After I recompiled the library using USE_OPENMP=1 , there are no more warnings, but now however I modify OPENBLAS_NUM_THREADS, the number of threads that is printed out is always 24 (the maximum number of threads in the system). Is there any way I can fix this problem? Thank you again
Thank you very much @brada4
Probably thread safety improved a lot since that warning was introduced and nothing hangs recently. Thread number detected is not as important as total run time reduction
Could be that it is always returning the value of OMP_NUM_THREADS now unfortunately. You can try removing the "#ifndef USE_OPENMP" (and matching #endif) around line 1952 of memory.c (this could be another bug related to my earlier mis-edit uncovered in #2002 - memory.c basically contains two versions of the thread setup code so you will see two definitions of blas_get_cpu_number there). Despite the recent thread safety improvements I do not think it is safe to mix OPENMP and non-OPENMP codes - the OpenMP management functions will not know anything about plain pthreads outside its control...
Thank you very much @martin-frbg . I removed the
#ifndef USE_OPENMP" (and matching #endif) around line 1952 of memory.c but it still doesn't work.
And there is another issue: Inside interface/gemm.c, I have put two print statements:
- One at the beginning of the function CNAME . This one prints the number of threads returned by openblas_get_num_threads()
- Another one at the very end of the function CNAME. This print statement prints the value args.nthreads
If we remove the nested parallel structure and only call one instance of cblas_dgemm, both the printed values are 24. However, if we use the nested parallel structure, the printf at the beginning of CNAME, prints 24, but the one at the end of CNAME prints 1. What can be going wrong?
And here is our nested parallel structure (so that you don't have to go all the way up in the early posts): #pragma omp parallel num_threads(2) { if (omp_get_thread_num() == 0){ //First call, with first set of arguments cblas_dgemm(); }else { //Second call, with second set of arguments cblas_dgemm(); } }
Thank you very much @brada4 , but for our case we need to know the number of threads in each block. And the other thing is that we are not getting any runtime improvement compared to the case where we call the two functions sequentially and that is really strange. So there may be something wrong with thread distribution and we need to figure that out.
You can count CPU usage with "time" command - like if user+system > total then you use threads.
args.nthreads in interface/gemm.c should only become 1 when the product of the matrix dimensions is small, perhaps print args.m, args.n, args.k at that point as well to in case your code divides the workload unevenly between the two instances. (Print num_cpu_avail(3) just to be sure, though I do not think it could be 1)
Thank you @martin-frbg . For our problem args.m = args.n = args.k >= 512. That was verified after interface/gemm.c printed out these values.

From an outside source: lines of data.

(* Consider generating measures $\mathcal{W}_1(P, \ell)$ and $\mathcal{W}_k(P, \ell)$, which are parameterized by the same probability matrix $P$ and lengths $\ell$ but different recursion depths. Let graphs $H_1, \ldots, H_k \sim \mathcal{W}_1(P, \ell)$ be independently drawn, and denote $H_i = (V, E_i)$, with nodes labelled arbitrarily. Then the intersection graph $G = (V, \cap_{i=1}^{k} E_i) = (V, E_G) \sim \mathcal{W}_k(P, \ell)$.
   Context: Multifractal network generator (MFNG): a generating measure $\mathcal{W}_k(P, \ell)$ consists of an $m$-vector of lengths $\ell$ with $\sum_{i=1}^m \ell_i = 1$, a symmetric $m \times m$ matrix $P = (p_{ij})$ with entries in $[0,1]$, and a recursion depth $k$. The indices $1,\ldots,m$ are called categories. An undirected graph $G=(V,E)$ on $N$ nodes is distributed according to $\mathcal{W}_k(P,\ell)$ if it is generated as follows: (1) partition $[0,1]$ into $m$ subintervals of lengths $\ell_1,\ldots,\ell_m$, and recursively partition each subinterval into $m$ pieces with relative lengths $\ell_i$, to depth $k$, giving $m^k$ intervals $\ell_{i_1,\ldots,i_k}$ of length $\prod_{r=1}^k \ell_{i_r}$; (2) sample $N$ points uniformly and independently from $[0,1]$ as the nodes $x_1,\ldots,x_N$, each identified by its $k$-tuple of categories $c(x_i) = (i_1,\ldots,i_k)$ according to which nested intervals it falls into; (3) for every pair of nodes with category tuples $(i_1,\ldots,i_k)$ and $(j_1,\ldots,j_k)$, independently add the edge with probability $\prod_{r=1}^k p_{i_r j_r}$. In particular, a node's category tuple equals $(c_1,\ldots,c_k)$ with probability $\prod_{r=1}^k \ell_{c_r}$. *)

theory Defs
  imports "HOL-Probability.Probability"
begin

definition cat_pmf :: "nat \<Rightarrow> (nat \<Rightarrow> real) \<Rightarrow> nat pmf" where
  "cat_pmf m l = embed_pmf (\<lambda>i. if i < m then l i else 0)"

text \<open>Node set is {0..<N}; an undirected edge is stored as an ordered pair (a,b) with a < b < N.\<close>
definition node_pairs :: "nat \<Rightarrow> (nat \<times> nat) set" where
  "node_pairs N = {(a, b). a < b \<and> b < N}"

definition tuple_pmf :: "nat \<Rightarrow> (nat \<Rightarrow> real) \<Rightarrow> nat \<Rightarrow> (nat \<Rightarrow> nat) pmf" where
  "tuple_pmf m l k = Pi_pmf {..<k} 0 (\<lambda>_. cat_pmf m l)"

definition edge_prob :: "(nat \<Rightarrow> nat \<Rightarrow> real) \<Rightarrow> nat \<Rightarrow> (nat \<Rightarrow> nat) \<Rightarrow> (nat \<Rightarrow> nat) \<Rightarrow> real" where
  "edge_prob P k c d = (\<Prod>r<k. P (c r) (d r))"

definition mfng_pmf :: "nat \<Rightarrow> nat \<Rightarrow> (nat \<Rightarrow> real) \<Rightarrow> (nat \<Rightarrow> nat \<Rightarrow> real) \<Rightarrow> nat
    \<Rightarrow> (nat \<times> nat) set pmf" where
  "mfng_pmf N m l P k =
     do {
       cs \<leftarrow> Pi_pmf {..<N} (\<lambda>_. 0) (\<lambda>_. tuple_pmf m l k);
       b \<leftarrow> Pi_pmf (node_pairs N) False
              (\<lambda>(x, y). bernoulli_pmf (edge_prob P k (cs x) (cs y)));
       return_pmf {e \<in> node_pairs N. b e}
     }"

end

theory Submission
  imports Defs
begin

text \<open>Conditionally on the categories, an MFNG graph keeps each node pair independently with
  probability a product of entries of P. Intersecting independent graphs multiplies these
  probabilities, so conditionally on the categories of all k depth-1 graphs the intersection
  keeps pair (x,y) with probability \<open>\<Prod>i<k. P (c_i x) (c_i y)\<close>. Transposing the k independent
  category assignments of the N nodes turns them into N independent k-tuples of categories,
  which is exactly the depth-k category distribution.\<close>

definition random_subset_pmf :: "'a set \<Rightarrow> ('a \<Rightarrow> real) \<Rightarrow> 'a set pmf" where
  "random_subset_pmf A p = map_pmf (\<lambda>b. {e \<in> A. b e}) (Pi_pmf A False (\<lambda>e. bernoulli_pmf (p e)))"

lemma pmf_Pi_pmf_Pi_pmf:
  assumes "finite A" "finite B"
  shows "pmf (Pi_pmf A (\<lambda>_. d) (\<lambda>i. Pi_pmf B d (p i))) g =
    (if \<forall>i j. i \<notin> A \<or> j \<notin> B \<longrightarrow> g i j = d then \<Prod>i\<in>A. \<Prod>j\<in>B. pmf (p i j) (g i j) else 0)"
proof (cases "\<forall>i j. i \<notin> A \<or> j \<notin> B \<longrightarrow> g i j = d")
  case True
  then show ?thesis using assms
    by (subst pmf_Pi') (auto simp: pmf_Pi' intro!: prod.cong)
next
  case outside: False
  then obtain i j where ij: "i \<notin> A \<or> j \<notin> B" "g i j \<noteq> d" by blast
  show ?thesis
  proof (cases "i \<in> A")
    case True
    with ij have "pmf (Pi_pmf B d (p i)) (g i) = 0"
      using assms by (intro pmf_Pi_outside) auto
    then have "(\<Prod>i\<in>A. pmf (Pi_pmf B d (p i)) (g i)) = 0"
      using assms True by (intro prod_zero) auto
    then show ?thesis using outside assms by (subst pmf_Pi) auto
  next
    case False
    then show ?thesis using outside ij assms by (subst pmf_Pi_outside) (auto simp: fun_eq_iff)
  qed
qed

lemma Pi_pmf_transpose:
  assumes "finite A" "finite B"
  shows "map_pmf (\<lambda>g j i. g i j) (Pi_pmf A (\<lambda>_. d) (\<lambda>i. Pi_pmf B d (p i)))
       = Pi_pmf B (\<lambda>_. d) (\<lambda>j. Pi_pmf A d (\<lambda>i. p i j))"
proof (rule pmf_eqI)
  fix h :: "'b \<Rightarrow> 'a \<Rightarrow> 'c"
  have "inj (\<lambda>(g :: 'a \<Rightarrow> 'b \<Rightarrow> 'c) j i. g i j)"
    by (auto simp: inj_def fun_eq_iff)
  from pmf_map_inj'[OF this, of _ "\<lambda>i j. h j i"]
  have "pmf (map_pmf (\<lambda>g j i. g i j) (Pi_pmf A (\<lambda>_. d) (\<lambda>i. Pi_pmf B d (p i)))) h
      = pmf (Pi_pmf A (\<lambda>_. d) (\<lambda>i. Pi_pmf B d (p i))) (\<lambda>i j. h j i)"
    by simp
  also have "\<dots> = pmf (Pi_pmf B (\<lambda>_. d) (\<lambda>j. Pi_pmf A d (\<lambda>i. p i j))) h"
    using assms by (auto simp: pmf_Pi_pmf_Pi_pmf prod.swap[of _ A B])
  finally show "pmf (map_pmf (\<lambda>g j i. g i j) (Pi_pmf A (\<lambda>_. d) (\<lambda>i. Pi_pmf B d (p i)))) h
      = pmf (Pi_pmf B (\<lambda>_. d) (\<lambda>j. Pi_pmf A d (\<lambda>i. p i j))) h" .
qed

lemma Pi_pmf_bernoulli_all:
  assumes "finite A" "\<And>i. i \<in> A \<Longrightarrow> 0 \<le> p i \<and> p i \<le> 1"
  shows "map_pmf (\<lambda>b. \<forall>i\<in>A. b i) (Pi_pmf A False (\<lambda>i. bernoulli_pmf (p i)))
       = bernoulli_pmf (\<Prod>i\<in>A. p i)"
proof (rule pmf_eqI)
  fix x :: bool
  let ?M = "Pi_pmf A False (\<lambda>i. bernoulli_pmf (p i))" and ?all = "{b. \<forall>i\<in>A. b i}"
  have bounds: "0 \<le> (\<Prod>i\<in>A. p i)" "(\<Prod>i\<in>A. p i) \<le> 1"
    using assms by (auto intro: prod_nonneg prod_le_1)
  have "?all = Pi A (\<lambda>_. {True})" by (auto simp: Pi_def)
  then have "measure_pmf.prob ?M ?all = (\<Prod>i\<in>A. measure_pmf.prob (bernoulli_pmf (p i)) {True})"
    using assms(1) by (simp add: measure_Pi_pmf_Pi)
  also have "\<dots> = (\<Prod>i\<in>A. p i)"
    using assms by (intro prod.cong) (auto simp: measure_pmf_single)
  finally have prob_all: "measure_pmf.prob ?M ?all = (\<Prod>i\<in>A. p i)" .
  have "(\<lambda>b. \<forall>i\<in>A. b i) -` {True} = ?all" "(\<lambda>b. \<forall>i\<in>A. b i) -` {False} = UNIV - ?all"
    by auto
  then show "pmf (map_pmf (\<lambda>b. \<forall>i\<in>A. b i) ?M) x = pmf (bernoulli_pmf (\<Prod>i\<in>A. p i)) x"
    using bounds prob_all measure_pmf.prob_compl[of ?all ?M]
    by (cases x) (simp_all add: pmf_map)
qed

lemma Inter_Pi_random_subset_pmf:
  assumes "finite A" "finite K" "K \<noteq> {}"
    and "\<And>i e. i \<in> K \<Longrightarrow> e \<in> A \<Longrightarrow> 0 \<le> p i e \<and> p i e \<le> 1"
  shows "map_pmf (\<lambda>S. \<Inter>i\<in>K. S i) (Pi_pmf K {} (\<lambda>i. random_subset_pmf A (p i)))
       = random_subset_pmf A (\<lambda>e. \<Prod>i\<in>K. p i e)"
proof -
  let ?sel = "\<lambda>b. {e \<in> A. b e}"
  let ?B = "\<lambda>e i. bernoulli_pmf (p i e)"
  have Inter_select: "(\<Inter>i\<in>K. {e \<in> A. g e i}) = {e \<in> A. \<forall>i\<in>K. g e i}" for g
    using assms(3) by auto
  have "Pi_pmf K {} (\<lambda>i. random_subset_pmf A (p i))
      = map_pmf (\<lambda>BB. ?sel \<circ> BB) (Pi_pmf K (\<lambda>_. False) (\<lambda>i. Pi_pmf A False (\<lambda>e. ?B e i)))"
    unfolding random_subset_pmf_def using assms(2) by (rule Pi_pmf_map) simp
  also have "Pi_pmf K (\<lambda>_. False) (\<lambda>i. Pi_pmf A False (\<lambda>e. ?B e i))
      = map_pmf (\<lambda>g i e. g e i) (Pi_pmf A (\<lambda>_. False) (\<lambda>e. Pi_pmf K False (?B e)))"
    using Pi_pmf_transpose[OF assms(1,2), of False ?B] by simp
  finally have "map_pmf (\<lambda>S. \<Inter>i\<in>K. S i) (Pi_pmf K {} (\<lambda>i. random_subset_pmf A (p i)))
      = map_pmf ?sel (map_pmf (\<lambda>g. (\<lambda>v. \<forall>i\<in>K. v i) \<circ> g)
          (Pi_pmf A (\<lambda>_. False) (\<lambda>e. Pi_pmf K False (?B e))))"
    using Inter_select by (simp add: pmf.map_comp o_def)
  also have "map_pmf (\<lambda>g. (\<lambda>v. \<forall>i\<in>K. v i) \<circ> g) (Pi_pmf A (\<lambda>_. False) (\<lambda>e. Pi_pmf K False (?B e)))
      = Pi_pmf A False (\<lambda>e. map_pmf (\<lambda>v. \<forall>i\<in>K. v i) (Pi_pmf K False (?B e)))"
    using assms(1,3) by (intro Pi_pmf_map[symmetric]) auto
  also have "\<dots> = Pi_pmf A False (\<lambda>e. bernoulli_pmf (\<Prod>i\<in>K. p i e))"
    using assms(2,4) by (intro Pi_pmf_cong refl Pi_pmf_bernoulli_all) auto
  finally show ?thesis unfolding random_subset_pmf_def .
qed

lemma set_pmf_Pi_pmf_range:
  assumes "finite A" "d \<in> S" "\<And>x. x \<in> A \<Longrightarrow> set_pmf (p x) \<subseteq> S" "f \<in> set_pmf (Pi_pmf A d p)"
  shows "f x \<in> S"
  using assms set_Pi_pmf_subset'[OF assms(1), of d p] by (cases "x \<in> A") (auto simp: PiE_dflt_def)

lemma set_pmf_cat_pmf:
  assumes "\<And>i. i < m \<Longrightarrow> l i \<ge> 0" "(\<Sum>i<m. l i) = 1"
  shows "set_pmf (cat_pmf m l) \<subseteq> {..<m}"
proof -
  let ?f = "\<lambda>i. if i < m then l i else 0"
  have "(\<integral>\<^sup>+x. ennreal (?f x) \<partial>count_space UNIV) = (\<integral>\<^sup>+x. ennreal (l x) \<partial>count_space {..<m})"
    by (auto simp: nn_integral_count_space_indicator indicator_def intro!: nn_integral_cong)
  also have "\<dots> = ennreal (\<Sum>i<m. l i)"
    using assms(1) by (simp add: nn_integral_count_space_finite) (subst sum_ennreal; simp)
  also have "\<dots> = 1"
    using assms(2) by simp
  finally show ?thesis
    unfolding cat_pmf_def using assms(1) by (subst set_embed_pmf) auto
qed

lemma set_pmf_category_tuples:
  fixes N k :: nat
  assumes "\<And>i. i < m \<Longrightarrow> l i \<ge> 0" "(\<Sum>i<m. l i) = 1"
    and "G \<in> set_pmf (Pi_pmf {..<N} (\<lambda>_. 0) (\<lambda>_. Pi_pmf {..<k} 0 (\<lambda>_. cat_pmf m l)))"
  shows "G x r < m"
proof -
  have "0 < m" using assms(2) by (cases m) auto
  have tuple_range: "\<forall>r. c r < m" if "c \<in> set_pmf (Pi_pmf {..<k} 0 (\<lambda>_. cat_pmf m l))" for c
    using set_pmf_Pi_pmf_range[of "{..<k}" 0 "{..<m}" "\<lambda>_. cat_pmf m l" c] \<open>0 < m\<close> that
      set_pmf_cat_pmf[OF assms(1,2)] by auto
  show ?thesis
    using set_pmf_Pi_pmf_range[of "{..<N}" "\<lambda>_. 0" "{c. \<forall>r. c r < m}", OF _ _ _ assms(3)]
      tuple_range \<open>0 < m\<close> by auto
qed

lemma finite_node_pairs: "finite (node_pairs N)"
  by (rule finite_subset[of _ "{..<N} \<times> {..<N}"]) (auto simp: node_pairs_def)

lemma mfng_pmf_eq_bind:
  "mfng_pmf N m l P k =
     Pi_pmf {..<N} (\<lambda>_. 0) (\<lambda>_. Pi_pmf {..<k} 0 (\<lambda>_. cat_pmf m l)) \<bind>
       (\<lambda>cs. random_subset_pmf (node_pairs N) (\<lambda>(x, y). \<Prod>r<k. P (cs x r) (cs y r)))"
  by (simp add: mfng_pmf_def tuple_pmf_def edge_prob_def random_subset_pmf_def map_pmf_def
      case_prod_beta')

lemma mfng_pmf_depth_one:
  "mfng_pmf N m l P 1 =
     Pi_pmf {..<N} 0 (\<lambda>_. cat_pmf m l) \<bind>
       (\<lambda>c. random_subset_pmf (node_pairs N) (\<lambda>(x, y). P (c x) (c y)))"
proof -
  let ?tuple = "\<lambda>(a :: nat) (r :: nat). if r = 0 then a else 0"
  have "Pi_pmf {..<1} 0 (\<lambda>_. cat_pmf m l) = map_pmf ?tuple (cat_pmf m l)"
    by (simp add: lessThan_Suc Pi_pmf_singleton)
  then have "Pi_pmf {..<N} (\<lambda>_. 0) (\<lambda>_. Pi_pmf {..<1} 0 (\<lambda>_. cat_pmf m l))
      = map_pmf (\<lambda>c. ?tuple \<circ> c) (Pi_pmf {..<N} 0 (\<lambda>_. cat_pmf m l))"
    by (simp add: Pi_pmf_map fun_eq_iff)
  then show ?thesis
    by (simp add: mfng_pmf_eq_bind bind_map_pmf)
qed

theorem lemma1:
  fixes N m k :: nat and l :: "nat \<Rightarrow> real" and P :: "nat \<Rightarrow> nat \<Rightarrow> real"
  assumes "k \<ge> 1"
    and "\<And>i. i < m \<Longrightarrow> l i \<ge> 0"
    and "(\<Sum>i<m. l i) = 1"
    and "\<And>i j. i < m \<Longrightarrow> j < m \<Longrightarrow> P i j = P j i"
    and "\<And>i j. i < m \<Longrightarrow> j < m \<Longrightarrow> 0 \<le> P i j \<and> P i j \<le> 1"
  shows "map_pmf (\<lambda>Hs. \<Inter>i\<in>{..<k}. Hs i)
           (Pi_pmf {..<k} {} (\<lambda>_. mfng_pmf N m l P 1))
         = mfng_pmf N m l P k"
proof -
  let ?cat = "cat_pmf m l" and ?E = "node_pairs N" and ?Inter = "\<lambda>S. \<Inter>i\<in>{..<k}. S i"
  let ?G = "Pi_pmf {..<N} (\<lambda>_. 0) (\<lambda>_. Pi_pmf {..<k} 0 (\<lambda>_. ?cat))"
  let ?graphs = "\<lambda>cs. Pi_pmf {..<k} {} (\<lambda>i. random_subset_pmf ?E (\<lambda>(x, y). P (cs i x) (cs i y)))"
  have "map_pmf ?Inter (Pi_pmf {..<k} {} (\<lambda>_. mfng_pmf N m l P 1))
      = Pi_pmf {..<k} (\<lambda>_. 0) (\<lambda>_. Pi_pmf {..<N} 0 (\<lambda>_. ?cat)) \<bind> (\<lambda>cs. map_pmf ?Inter (?graphs cs))"
    unfolding mfng_pmf_depth_one by (simp add: Pi_pmf_bind[where d' = "\<lambda>_. 0"] map_bind_pmf)
  also have "\<dots> = ?G \<bind> (\<lambda>G. map_pmf ?Inter (?graphs (\<lambda>i x. G x i)))"
    by (subst Pi_pmf_transpose[of "{..<N}" "{..<k}" 0 "\<lambda>_ _. ?cat", symmetric])
      (simp_all add: bind_map_pmf)
  also have "\<dots> = ?G \<bind> (\<lambda>G. random_subset_pmf ?E (\<lambda>(x, y). \<Prod>r<k. P (G x r) (G y r)))"
  proof (rule bind_pmf_cong[OF refl])
    fix G assume "G \<in> set_pmf ?G"
    then have "G x r < m" for x r
      using set_pmf_category_tuples[OF assms(2,3)] by blast
    then show "map_pmf ?Inter (?graphs (\<lambda>i x. G x i))
        = random_subset_pmf ?E (\<lambda>(x, y). \<Prod>r<k. P (G x r) (G y r))"
      using assms(1,5) finite_node_pairs
        Inter_Pi_random_subset_pmf[of ?E "{..<k}" "\<lambda>i (x, y). P (G x i) (G y i)"]
      by (simp add: case_prod_beta' lessThan_empty_iff)
  qed
  also have "\<dots> = mfng_pmf N m l P k"
    by (simp add: mfng_pmf_eq_bind)
  finally show ?thesis .
qed

end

However, the return value of num_cpu_avail(3) is printed out as 1. That is quite surprising. Because there are 24 cpus available in our system.
Thank you @brada4 .
In accordance to my previous comment: If we only call one instance of cblas_dgemm and remove the nested parallelism, then the output of num_cpu_avail(3) will be 24. Therefore, the idea that maybe the system is in use by other programs cannot hold in this case.
Another thing that is somehow surprising to me is that if I use the following setting for cup affinity:
setenv GOMP_CPU_AFFINITY "0 1 2 3 4 5 6 7 8 9 10 11 12 13 14 15 16"
Then regardless of whether or not we are using nested parallelism, the return value of openblas_get_num_threads() at the beginning of CNAME, the value of args.nthreads at the end of CNAME and the return value of num_cpu_avail(3) will all be 1. What can be the reason for all of this? Thank you again.
Are you certain you use same openblas library for each test?
Yes, I am sure. There is only one openBLAS library that is modified to print out number of threads and number of CPUs available. And I am using that.
You can try omp_get_num_threads() , I think openblas_get_. just gets number from there.